Your task ▸
From the material below, copy every line in which the word "finally" occurs.

>>>

(* Let $\Gamma\Rightarrow\Delta$ be a sequent provable in $\mathsf{Grz}_\infty$. Then for every finite set of formulas $\Lambda$, $\mathsf{Grz_{Seq}}\vdash\Lambda^\ast,\Gamma\Rightarrow\Delta$, where $\Lambda^\ast=\{\Box(A\to\Box A)\mid A\in\Lambda\}$.
   Context: Formulas are built from $\bot$ and atomic propositions using $\to$ and $\Box$. A sequent is $\Gamma\Rightarrow\Delta$ with $\Gamma,\Delta$ finite multisets of formulas; $\Box\Pi$ denotes the multiset $\{\Box B:B\in\Pi\}$. Common rules: $(\to_L)$ from $\Gamma,B\Rightarrow\Delta$ and $\Gamma\Rightarrow A,\Delta$ infer $\Gamma,A\to B\Rightarrow\Delta$; $(\to_R)$ from $\Gamma,A\Rightarrow B,\Delta$ infer $\Gamma\Rightarrow A\to B,\Delta$; $(\mathsf{refl})$ from $\Gamma,B,\Box B\Rightarrow\Delta$ infer $\Gamma,\Box B\Rightarrow\Delta$. The finite-proof calculus $\mathsf{Grz_{Seq}}$ has initial sequents $\Gamma,A\Rightarrow A,\Delta$ (any $A$) and $\Gamma,\bot\Rightarrow\Delta$, the rules $(\to_L),(\to_R),(\mathsf{refl})$ and $(\Box_{\mathsf{Grz}})$: from $\Box\Pi,\Box(A\to\Box A)\Rightarrow A$ infer $\Gamma,\Box\Pi\Rightarrow\Box A,\Delta$. The calculus $\mathsf{Grz}_\infty$ has initial sequents $\Gamma,p\Rightarrow p,\Delta$ ($p$ atomic) and $\Gamma,\bot\Rightarrow\Delta$, the rules $(\to_L),(\to_R),(\mathsf{refl})$ and $(\Box)$: from left premise $\Gamma,\Box\Pi\Rightarrow A,\Delta$ and right premise $\Box\Pi\Rightarrow A$ infer $\Gamma,\Box\Pi\Rightarrow\Box A,\Delta$. Proofs in $\mathsf{Grz}_\infty$ are $\infty$-proofs: possibly infinite trees of sequents built by these rules, with leaves labelled by initial sequents, in which every infinite branch passes through a right premise of $(\Box)$ infinitely often; a sequent is provable if it labels the root of an $\infty$-proof. *)

theory Defs
  imports "HOL-Library.Multiset"
begin
lemma sum_weight_split_eq:
  fixes q :: "nat \<Rightarrow> real"
  assumes "k < r" and "(\<Sum>j<r. q j) = 1"
  shows "(\<Sum>a<r. q a * F (a = k)) = q k * F True + (1 - q k) * F False"
proof -
  have "(\<Sum>a<r. q a * F (a = k)) = q k * F True + (\<Sum>a\<in>{..<r} - {k}. q a) * F False"
    using assms(1) by (simp add: sum.remove sum_distrib_right)
  also have "(\<Sum>a\<in>{..<r} - {k}. q a) = 1 - q k"
    using assms by (simp add: sum_diff1)
  finally show ?thesis .
qed

lemma sum_pair_indicator_diff:
  fixes q :: "nat \<Rightarrow> real" and G :: "real \<Rightarrow> real"
  assumes "k < r" and "(\<Sum>j<r. q j) = 1"
  shows "(\<Sum>a<r. \<Sum>b<r. q a * q b * G (of_bool (a = k) - of_bool (b = k)))
    = (1 - 2 * (q k * (1 - q k))) * G 0 + q k * (1 - q k) * (G 1 + G (- 1))"
proof -
  have inner: "(\<Sum>b<r. q b * G (of_bool A - of_bool (b = k)))
      = q k * G (of_bool A - 1) + (1 - q k) * G (of_bool A)" for A
    using sum_weight_split_eq[OF assms, of "\<lambda>B. G (of_bool A - of_bool B)"] by simp
  have "(\<Sum>a<r. \<Sum>b<r. q a * q b * G (of_bool (a = k) - of_bool (b = k)))
      = (\<Sum>a<r. q a * (q k * G (of_bool (a = k) - 1) + (1 - q k) * G (of_bool (a = k))))"
    by (simp add: sum_distrib_left mult.assoc flip: inner)
  also have "\<dots> = q k * (q k * G 0 + (1 - q k) * G 1) + (1 - q k) * (q k * G (- 1) + (1 - q k) * G 0)"
    using sum_weight_split_eq[OF assms,
        of "\<lambda>A. q k * G (of_bool A - 1) + (1 - q k) * G (of_bool A)"] by simp
  also have "\<dots> = (1 - 2 * (q k * (1 - q k))) * G 0 + q k * (1 - q k) * (G 1 + G (- 1))"
    by (simp add: algebra_simps)
  finally show ?thesis .
qed

definition diff_expectation :: "nat \<Rightarrow> nat \<Rightarrow> (nat \<Rightarrow> nat \<Rightarrow> real) \<Rightarrow> (real \<Rightarrow> real) \<Rightarrow> real" where
  "diff_expectation n r p g = (\<Sum>x\<in>search_points n r. \<Sum>y\<in>search_points n r.
     sample_prob n p x * sample_prob n p y * g (real (rOneMax n r x) - real (rOneMax n r y)))"

lemma diff_expectation_add:
  "diff_expectation n r p (\<lambda>z. f z + g z) = diff_expectation n r p f + diff_expectation n r p g"
  unfolding diff_expectation_def by (simp add: algebra_simps sum.distrib)

lemma diff_expectation_diff:
  "diff_expectation n r p (\<lambda>z. f z - g z) = diff_expectation n r p f - diff_expectation n r p g"
  unfolding diff_expectation_def by (simp add: algebra_simps sum_subtractf)

lemma diff_expectation_cmult:
  "diff_expectation n r p (\<lambda>z. c * f z) = c * diff_expectation n r p f"
  unfolding diff_expectation_def by (simp add: algebra_simps sum_distrib_left)

lemma diff_expectation_mono:
  assumes "\<forall>i<n. \<forall>j<r. p i j \<ge> 0" and "\<And>z. f z \<le> g z"
  shows "diff_expectation n r p f \<le> diff_expectation n r p g"
proof -
  have "sample_prob n p x \<ge> 0" if "x \<in> search_points n r" for x
    using that assms(1) unfolding sample_prob_def search_points_def
    by (auto intro!: prod_nonneg simp: PiE_def Pi_def)
  then show ?thesis
    unfolding diff_expectation_def by (intro sum_mono mult_left_mono assms(2)) auto
qed

lemma diff_expectation_Suc_pairs:
  "diff_expectation (Suc n) r p g = (\<Sum>a<r. \<Sum>b<r. p n a * p n b *
     diff_expectation n r p (\<lambda>z. g (z + (of_bool (a = r - 1) - of_bool (b = r - 1)))))"
proof -
  let ?P = "\<lambda>x. sample_prob n p x" and ?D = "\<lambda>x y. real (rOneMax n r x) - real (rOneMax n r y)"
  have "diff_expectation (Suc n) r p g = (\<Sum>x\<in>search_points n r. \<Sum>a<r. \<Sum>y\<in>search_points n r. \<Sum>b<r.
      p n a * p n b * (?P x * ?P y * g (?D x y + (of_bool (a = r - 1) - of_bool (b = r - 1)))))"
    unfolding diff_expectation_def sum_search_points_Suc sample_prob_fun_upd_last rOneMax_fun_upd_last
    by (simp add: algebra_simps sum_distrib_left)
  also have "\<dots> = (\<Sum>a<r. \<Sum>b<r. \<Sum>x\<in>search_points n r. \<Sum>y\<in>search_points n r.
      p n a * p n b * (?P x * ?P y * g (?D x y + (of_bool (a = r - 1) - of_bool (b = r - 1)))))"
    by (subst sum.swap, subst (2) sum.swap, subst sum.swap) (rule refl)
  finally show ?thesis
    unfolding diff_expectation_def by (simp add: sum_distrib_left)
qed

lemma diff_expectation_Suc:
  assumes "r \<ge> 1" and "(\<Sum>j<r. p n j) = 1"
  shows "diff_expectation (Suc n) r p g
    = (1 - 2 * (p n (r - 1) * (1 - p n (r - 1)))) * diff_expectation n r p g
      + p n (r - 1) * (1 - p n (r - 1)) * diff_expectation n r p (\<lambda>z. g (z + 1) + g (z - 1))"
  unfolding diff_expectation_Suc_pairs
  using sum_pair_indicator_diff[of "r - 1" r "p n" "\<lambda>d. diff_expectation n r p (\<lambda>z. g (z + d))"] assms
  by (simp add: diff_expectation_add)

lemma diff_expectation_const:
  assumes "r \<ge> 1" and "\<forall>i<n. (\<Sum>j<r. p i j) = 1"
  shows "diff_expectation n r p (\<lambda>_. c) = c"
  using assms(2)
proof (induction n)
  case 0
  then show ?case unfolding diff_expectation_def search_points_def sample_prob_def by simp
next
  case (Suc n)
  then have "diff_expectation (Suc n) r p (\<lambda>_. c)
      = (1 - 2 * (p n (r - 1) * (1 - p n (r - 1)))) * c + p n (r - 1) * (1 - p n (r - 1)) * (c + c)"
    by (simp only: diff_expectation_Suc[OF assms(1)] diff_expectation_add) simp
  then show ?case by (simp add: algebra_simps)
qed

lemma diff_expectation_square:
  assumes "r \<ge> 1" and "\<forall>i<n. (\<Sum>j<r. p i j) = 1"
  shows "diff_expectation n r p (\<lambda>z. z\<^sup>2) = 2 * (\<Sum>i<n. p i (r - 1) * (1 - p i (r - 1)))"
  using assms(2)
proof (induction n)
  case 0
  then show ?case unfolding diff_expectation_def search_points_def sample_prob_def by simp
next
  case (Suc n)
  have row: "(\<Sum>j<r. p n j) = 1" and rows: "\<forall>i<n. (\<Sum>j<r. p i j) = 1"
    using Suc.prems by auto
  have "(\<lambda>z. (z + 1)\<^sup>2 + (z - 1)\<^sup>2) = (\<lambda>z::real. 2 * z\<^sup>2 + 2)"
    by (simp add: power2_eq_square algebra_simps)
  then have "diff_expectation (Suc n) r p (\<lambda>z. z\<^sup>2)
      = diff_expectation n r p (\<lambda>z. z\<^sup>2) + 2 * (p n (r - 1) * (1 - p n (r - 1)))"
    using diff_expectation_const[OF assms(1) rows]
    by (simp add: diff_expectation_Suc[where p = p and n = n, OF assms(1) row]
        diff_expectation_add diff_expectation_cmult algebra_simps)
  then show ?case using Suc.IH[OF rows] by simp
qed

lemma diff_expectation_fourth_le:
  assumes "r \<ge> 1" and "\<forall>i<n. (\<Sum>j<r. p i j) = 1"
  shows "diff_expectation n r p (\<lambda>z. z ^ 4)
    \<le> diff_expectation n r p (\<lambda>z. z\<^sup>2) + 3 * (diff_expectation n r p (\<lambda>z. z\<^sup>2))\<^sup>2"
  using assms(2)
proof (induction n)
  case 0
  then show ?case unfolding diff_expectation_def search_points_def sample_prob_def by simp
next
  case (Suc n)
  define A where "A = diff_expectation n r p (\<lambda>z. z\<^sup>2)"
  define B where "B = diff_expectation n r p (\<lambda>z. z ^ 4)"
  define v where "v = p n (r - 1) * (1 - p n (r - 1))"
  have row: "(\<Sum>j<r. p n j) = 1" and rows: "\<forall>i<n. (\<Sum>j<r. p i j) = 1"
    using Suc.prems by auto
  have expand: "(\<lambda>z. (z + 1) ^ 4 + (z - 1) ^ 4) = (\<lambda>z::real. 2 * z ^ 4 + (12 * z\<^sup>2 + 2))"
    by (simp add: power2_eq_square power4_eq_xxxx algebra_simps)
  have "diff_expectation (Suc n) r p (\<lambda>z. z ^ 4)
      = (1 - 2 * v) * B + v * diff_expectation n r p (\<lambda>z. (z + 1) ^ 4 + (z - 1) ^ 4)"
    unfolding diff_expectation_Suc[where p = p and n = n, OF assms(1) row] v_def B_def ..
  also have "\<dots> = (1 - 2 * v) * B + v * (2 * B + (12 * A + 2))"
    unfolding expand diff_expectation_add diff_expectation_cmult diff_expectation_const[OF assms(1) rows]
      A_def B_def ..
  finally have fourth: "diff_expectation (Suc n) r p (\<lambda>z. z ^ 4) = B + v * (12 * A + 2)"
    by (simp add: algebra_simps)
  have square: "diff_expectation (Suc n) r p (\<lambda>z. z\<^sup>2) = A + 2 * v"
    using diff_expectation_square[OF assms(1) Suc.prems] diff_expectation_square[OF assms(1) rows]
    by (simp add: A_def v_def)
  have "B + v * (12 * A + 2) \<le> A + 3 * A\<^sup>2 + v * (12 * A + 2)"
    using Suc.IH[OF rows] by (simp add: A_def B_def)
  also have "\<dots> \<le> (A + 2 * v) + 3 * (A + 2 * v)\<^sup>2"
    by (simp add: power2_eq_square algebra_simps)
  finally show ?case unfolding fourth square .
qed
lemma eval_recf_Zero: "y = 0 \<Longrightarrow> eval_recf Zero xs y"
  using eval_recf.zero by simp

lemma eval_recf_Succ: "y = Suc x \<Longrightarrow> eval_recf Succ [x] y"
  using eval_recf.succ by simp

lemma eval_recf_Prim_upto:
  assumes "eval_recf g xs (F 0)"
    and "\<And>n. n < N \<Longrightarrow> eval_recf h (n # F n # xs) (F (Suc n))"
    and "n \<le> N"
  shows "eval_recf (Prim g h) (n # xs) (F n)"
  using assms(3)
proof (induction n)
  case 0
  show ?case using assms(1) by (rule eval_recf.prim0)
next
  case (Suc n)
  then show ?case using assms(2)[of n] by (intro eval_recf.primS) auto
qed

lemma eval_recf_Prim:
  "eval_recf g xs (F 0) \<Longrightarrow> (\<And>n. eval_recf h (n # F n # xs) (F (Suc n))) \<Longrightarrow>
   eval_recf (Prim g h) (n # xs) (F n)"
  by (rule eval_recf_Prim_upto[where N = n]) auto

lemma eval_recf_Mini:
  "eval_recf f (n # xs) 0 \<Longrightarrow> (\<And>m. m < n \<Longrightarrow> eval_recf f (m # xs) (Suc (F m))) \<Longrightarrow>
   eval_recf (Mini f) xs n"
  by (intro eval_recf.mini) auto

fun const_recf :: "nat \<Rightarrow> recf" where
  "const_recf 0 = Zero"
| "const_recf (Suc n) = Comp Succ [const_recf n]"

lemma eval_const_recf: "eval_recf (const_recf n) xs n"
  by (induction n) (auto intro: eval_recf_Zero eval_recf_Comp1 eval_recf_Succ)

declare const_recf.simps [simp del]

definition "add_recf = Prim (Proj 0) (Comp Succ [Proj 1])"

lemma eval_add_recf: "y = n + x \<Longrightarrow> eval_recf add_recf [n, x] y"
  unfolding add_recf_def
  by (hypsubst, rule eval_recf_Prim[where F = "\<lambda>n. n + x"])
    (auto intro!: eval_recf_Proj eval_recf_Comp1 eval_recf_Succ)

definition "mult_recf = Prim Zero (Comp add_recf [Proj 1, Proj 2])"

lemma eval_mult_recf: "y = n * x \<Longrightarrow> eval_recf mult_recf [n, x] y"
  unfolding mult_recf_def
  by (hypsubst, rule eval_recf_Prim[where F = "\<lambda>n. n * x"])
    (auto intro!: eval_recf_Proj eval_recf_Zero eval_recf_Comp2 eval_add_recf)

definition "pred_recf = Prim Zero (Proj 0)"

lemma eval_pred_recf: "y = n - 1 \<Longrightarrow> eval_recf pred_recf [n] y"
  unfolding pred_recf_def
  by (hypsubst, rule eval_recf_Prim[where F = "\<lambda>n. n - 1" and xs = "[]"])
    (auto intro!: eval_recf_Proj eval_recf_Zero)

definition "diff_recf = Prim (Proj 0) (Comp pred_recf [Proj 1])"

lemma eval_diff_recf: "z = x - y \<Longrightarrow> eval_recf diff_recf [y, x] z"
  unfolding diff_recf_def
  by (hypsubst, rule eval_recf_Prim[where F = "\<lambda>n. x - n" and xs = "[x]"])
    (auto intro!: eval_recf_Proj eval_recf_Comp1 eval_pred_recf)

definition "sg_recf = Prim Zero (const_recf 1)"

lemma eval_sg_recf: "y = min n 1 \<Longrightarrow> eval_recf sg_recf [n] y"
  unfolding sg_recf_def
  by (hypsubst, rule eval_recf_Prim[where F = "\<lambda>n. min n 1" and xs = "[]"])
    (auto intro!: eval_recf_Zero eval_const_recf)

definition "neg_sg_recf = Comp diff_recf [Comp sg_recf [Proj 0], const_recf 1]"

lemma eval_neg_sg_recf: "y = 1 - min n 1 \<Longrightarrow> eval_recf neg_sg_recf [n] y"
  unfolding neg_sg_recf_def
  by (auto intro!: eval_recf_Comp2 eval_recf_Comp1 eval_diff_recf eval_sg_recf eval_recf_Proj
      eval_const_recf)

definition "less_recf = Comp sg_recf [Comp diff_recf [Proj 0, Proj 1]]"

lemma eval_less_recf: "z = of_bool (x < y) \<Longrightarrow> eval_recf less_recf [x, y] z"
  unfolding less_recf_def
  by (auto intro!: eval_recf_Comp2 eval_recf_Comp1 eval_diff_recf eval_sg_recf eval_recf_Proj)

definition "parity_recf = Prim Zero (Comp neg_sg_recf [Proj 1])"

lemma eval_parity_recf: "y = n mod 2 \<Longrightarrow> eval_recf parity_recf [n] y"
  unfolding parity_recf_def
  by (hypsubst, rule eval_recf_Prim[where F = "\<lambda>n. n mod 2" and xs = "[]"])
    (auto intro!: eval_recf_Zero eval_recf_Comp1 eval_neg_sg_recf eval_recf_Proj simp: mod_Suc)

definition "pow2_recf = Prim (const_recf 1) (Comp add_recf [Proj 1, Proj 1])"

lemma eval_pow2_recf: "y = 2 ^ n \<Longrightarrow> eval_recf pow2_recf [n] y"
  unfolding pow2_recf_def
  by (hypsubst, rule eval_recf_Prim[where F = "\<lambda>n. 2 ^ n" and xs = "[]"])
    (auto intro!: eval_const_recf eval_recf_Comp2 eval_add_recf eval_recf_Proj)

lemma recf_halts_Mini_flag_iff:
  assumes "\<And>m. eval_recf g (m # xs) v" and "v \<le> 1"
  shows "recf_halts (Mini (Comp neg_sg_recf [g])) xs \<longleftrightarrow> v = 1"
proof
  assume "recf_halts (Mini (Comp neg_sg_recf [g])) xs"
  then obtain n where "eval_recf (Comp neg_sg_recf [g]) (n # xs) 0"
    unfolding recf_halts_def by (auto elim: eval_recf_MiniE)
  then have "eval_recf neg_sg_recf [v] 0"
    using eval_recf_Comp_iff[where gs = "[g]" and ys = "[v]"] assms(1) by simp
  with eval_neg_sg_recf[OF refl, of v] have "1 - min v 1 = 0"
    by (blast dest: eval_recf_deterministic)
  with assms(2) show "v = 1" by simp
next
  assume "v = 1"
  then have "eval_recf (Mini (Comp neg_sg_recf [g])) xs 0"
    using assms(1) by (intro eval_recf_Mini) (auto intro!: eval_recf_Comp1 eval_neg_sg_recf)
  then show "recf_halts (Mini (Comp neg_sg_recf [g])) xs" by (auto simp: recf_halts_def)
qed

definition "triangle_recf = Prim Zero (Comp add_recf [Proj 1, Comp Succ [Proj 0]])"

lemma eval_triangle_recf: "y = triangle n \<Longrightarrow> eval_recf triangle_recf [n] y"
  unfolding triangle_recf_def
  by (hypsubst, rule eval_recf_Prim[where F = "triangle" and xs = "[]"])
    (auto intro!: eval_recf_Zero eval_recf_Comp2 eval_recf_Comp1 eval_add_recf eval_recf_Succ
      eval_recf_Proj simp: triangle_Suc)

definition "prod_encode_recf = Comp add_recf [Comp triangle_recf [Comp add_recf [Proj 0, Proj 1]], Proj 0]"

lemma eval_prod_encode_recf: "y = prod_encode (a, b) \<Longrightarrow> eval_recf prod_encode_recf [a, b] y"
  unfolding prod_encode_recf_def prod_encode_def
  by (auto intro!: eval_recf_Comp2 eval_recf_Comp1 eval_add_recf eval_triangle_recf eval_recf_Proj)

lemma prod_decode_eq_triangle:
  "prod_decode z = (a, b) \<Longrightarrow> z = triangle (a + b) + a"
  using prod_decode_inverse[of z] by (simp add: prod_encode_def)

lemma snd_prod_decode_le: "snd (prod_decode z) \<le> z"
proof -
  obtain a b where ab: "prod_decode z = (a, b)" by fastforce
  have "m \<le> triangle m" for m by (induction m) (auto simp: triangle_Suc)
  then have "b \<le> triangle (a + b)" by (meson le_add2 order_trans)
  with prod_decode_eq_triangle[OF ab] ab show ?thesis by simp
qed

text \<open>The diagonal \<open>a + b\<close> of \<open>z = prod_encode (a, b)\<close> is the least \<open>m\<close> with
  \<open>z < triangle (m + 1)\<close>.\<close>

definition "diagonal_recf =
  Mini (Comp neg_sg_recf [Comp less_recf [Proj 1, Comp triangle_recf [Comp Succ [Proj 0]]]])"

lemma eval_diagonal_recf:
  assumes "prod_decode z = (a, b)" "y = a + b"
  shows "eval_recf diagonal_recf [z] y"
proof -
  have z: "z = triangle (a + b) + a" using prod_decode_eq_triangle[OF assms(1)] .
  have triangle_mono: "triangle m \<le> triangle n" if "m \<le> n" for m n
    using that unfolding triangle_def by (intro div_le_mono mult_le_mono) auto
  show ?thesis unfolding diagonal_recf_def assms(2)
  proof (rule eval_recf_Mini[where F = "\<lambda>_. 0"])
    show "eval_recf (Comp neg_sg_recf [Comp less_recf [Proj 1, Comp triangle_recf [Comp Succ [Proj 0]]]])
        [a + b, z] 0"
      by (auto intro!: eval_recf_Comp1 eval_recf_Comp2 eval_neg_sg_recf eval_less_recf eval_recf_Proj
          eval_triangle_recf eval_recf_Succ simp: z triangle_Suc)
  next
    fix m assume "m < a + b"
    then have "\<not> z < triangle (Suc m)" using z triangle_mono[of "Suc m" "a + b"] by simp
    then show "eval_recf (Comp neg_sg_recf [Comp less_recf [Proj 1, Comp triangle_recf [Comp Succ [Proj 0]]]])
        [m, z] (Suc 0)"
      by (auto intro!: eval_recf_Comp1 eval_recf_Comp2 eval_neg_sg_recf eval_less_recf eval_recf_Proj
          eval_triangle_recf eval_recf_Succ)
  qed
qed

definition "prod_fst_recf = Comp diff_recf [Comp triangle_recf [diagonal_recf], Proj 0]"
definition "prod_snd_recf = Comp diff_recf [prod_fst_recf, diagonal_recf]"

lemma eval_prod_fst_recf: "y = fst (prod_decode z) \<Longrightarrow> eval_recf prod_fst_recf [z] y"
proof -
  assume y: "y = fst (prod_decode z)"
  obtain a b where ab: "prod_decode z = (a, b)" by fastforce
  have "eval_recf (Comp triangle_recf [diagonal_recf]) [z] (triangle (a + b))"
    by (intro eval_recf_Comp1[OF eval_diagonal_recf[OF ab refl]] eval_triangle_recf) simp
  with y ab prod_decode_eq_triangle[OF ab] show ?thesis
    unfolding prod_fst_recf_def by (auto intro!: eval_recf_Comp2 eval_recf_Proj eval_diff_recf)
qed

lemma eval_prod_snd_recf: "y = snd (prod_decode z) \<Longrightarrow> eval_recf prod_snd_recf [z] y"
proof -
  assume y: "y = snd (prod_decode z)"
  obtain a b where ab: "prod_decode z = (a, b)" by fastforce
  with y show ?thesis
    unfolding prod_snd_recf_def
    by (auto intro!: eval_recf_Comp2 eval_prod_fst_recf eval_diagonal_recf[OF ab] eval_diff_recf)
qed

lemma code_str_Nil [simp]: "code_str [] = 0"
  by (simp add: code_str_def)

lemma code_str_Cons [simp]: "code_str (b # s) = Suc (prod_encode (of_bool b, code_str s))"
  by (simp add: code_str_def)

definition code_hd :: "nat \<Rightarrow> nat" where "code_hd c = fst (prod_decode (c - 1))"
definition code_tl :: "nat \<Rightarrow> nat" where "code_tl c = snd (prod_decode (c - 1))"

lemma code_hd_Suc_prod_encode [simp]: "code_hd (Suc (prod_encode (a, c))) = a"
  by (simp add: code_hd_def)

lemma code_tl_code_str [simp]: "code_tl (code_str s) = code_str (tl s)"
proof (cases s)
  case Nil
  have "prod_decode 0 = (0, 0)" using prod_encode_inverse[of "(0, 0)"] by (simp add: prod_encode_def)
  with Nil show ?thesis by (simp add: code_tl_def)
qed (simp add: code_tl_def)

lemma funpow_code_tl_code_str: "(code_tl ^^ i) (code_str s) = code_str (drop i s)"
  by (induction i arbitrary: s) (simp_all add: funpow_Suc_right drop_Suc del: funpow.simps)

definition "code_tl_recf = Comp prod_snd_recf [Comp pred_recf [Proj 0]]"
definition "code_hd_recf = Comp prod_fst_recf [Comp pred_recf [Proj 0]]"
definition "code_drop_recf = Prim (Proj 0) (Comp code_tl_recf [Proj 1])"

lemma eval_code_tl_recf: "y = code_tl c \<Longrightarrow> eval_recf code_tl_recf [c] y"
  unfolding code_tl_recf_def code_tl_def
  by (auto intro!: eval_recf_Comp1 eval_prod_snd_recf eval_pred_recf eval_recf_Proj)

lemma eval_code_hd_recf: "y = code_hd c \<Longrightarrow> eval_recf code_hd_recf [c] y"
  unfolding code_hd_recf_def code_hd_def
  by (auto intro!: eval_recf_Comp1 eval_prod_fst_recf eval_pred_recf eval_recf_Proj)

lemma eval_code_drop_recf: "y = code_str (drop i s) \<Longrightarrow> eval_recf code_drop_recf [i, code_str s] y"
  unfolding code_drop_recf_def funpow_code_tl_code_str[symmetric]
  by (hypsubst, rule eval_recf_Prim[where F = "\<lambda>i. (code_tl ^^ i) (code_str s)"])
    (auto intro!: eval_recf_Proj eval_recf_Comp1 eval_code_tl_recf)

definition "length_recf = Mini (Comp sg_recf [code_drop_recf])"

lemma eval_length_recf: "y = length s \<Longrightarrow> eval_recf length_recf [code_str s] y"
  unfolding length_recf_def
proof (hypsubst, rule eval_recf_Mini[where F = "\<lambda>_. 0"])
  show "eval_recf (Comp sg_recf [code_drop_recf]) [length s, code_str s] 0"
    by (auto intro!: eval_recf_Comp1 eval_sg_recf eval_code_drop_recf)
  fix m assume "m < length s"
  then obtain b t where "drop m s = b # t" by (cases "drop m s") auto
  then show "eval_recf (Comp sg_recf [code_drop_recf]) [m, code_str s] (Suc 0)"
    by (auto intro!: eval_recf_Comp1 eval_sg_recf eval_code_drop_recf)
qed

definition "nth_recf = Comp code_hd_recf [code_drop_recf]"

lemma eval_nth_recf: "i < length s \<Longrightarrow> y = of_bool (s ! i) \<Longrightarrow> eval_recf nth_recf [i, code_str s] y"
  unfolding nth_recf_def
  by (auto intro!: eval_recf_Comp1 eval_code_drop_recf eval_code_hd_recf
      simp: Cons_nth_drop_Suc[symmetric])

text \<open>\<open>take k s\<close> is assembled from the back: after \<open>j\<close> steps the accumulator is the code of
  \<open>drop (k - j) (take k s)\<close>.\<close>

definition "take_step_recf =
  Comp Succ [Comp prod_encode_recf [Comp nth_recf [Comp diff_recf [Comp Succ [Proj 0], Proj 2], Proj 3], Proj 1]]"

definition "take_recf = Comp (Prim Zero take_step_recf) [Proj 0, Proj 0, Proj 1]"

lemma drop_take_Suc_diff:
  assumes "n < k" "k \<le> length s"
  shows "drop (k - Suc n) (take k s) = s ! (k - Suc n) # drop (k - n) (take k s)"
proof -
  have "k - Suc n < length (take k s)" using assms by simp
  from Cons_nth_drop_Suc[OF this] assms show ?thesis
    by (simp add: Suc_diff_Suc)
qed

<<<

Response ▸
  finally show ?thesis .
  finally show ?thesis .
  finally show ?thesis
  finally have fourth: "diff_expectation (Suc n) r p (\<lambda>z. z ^ 4) = B + v * (12 * A + 2)"
  finally show ?case unfolding fourth square .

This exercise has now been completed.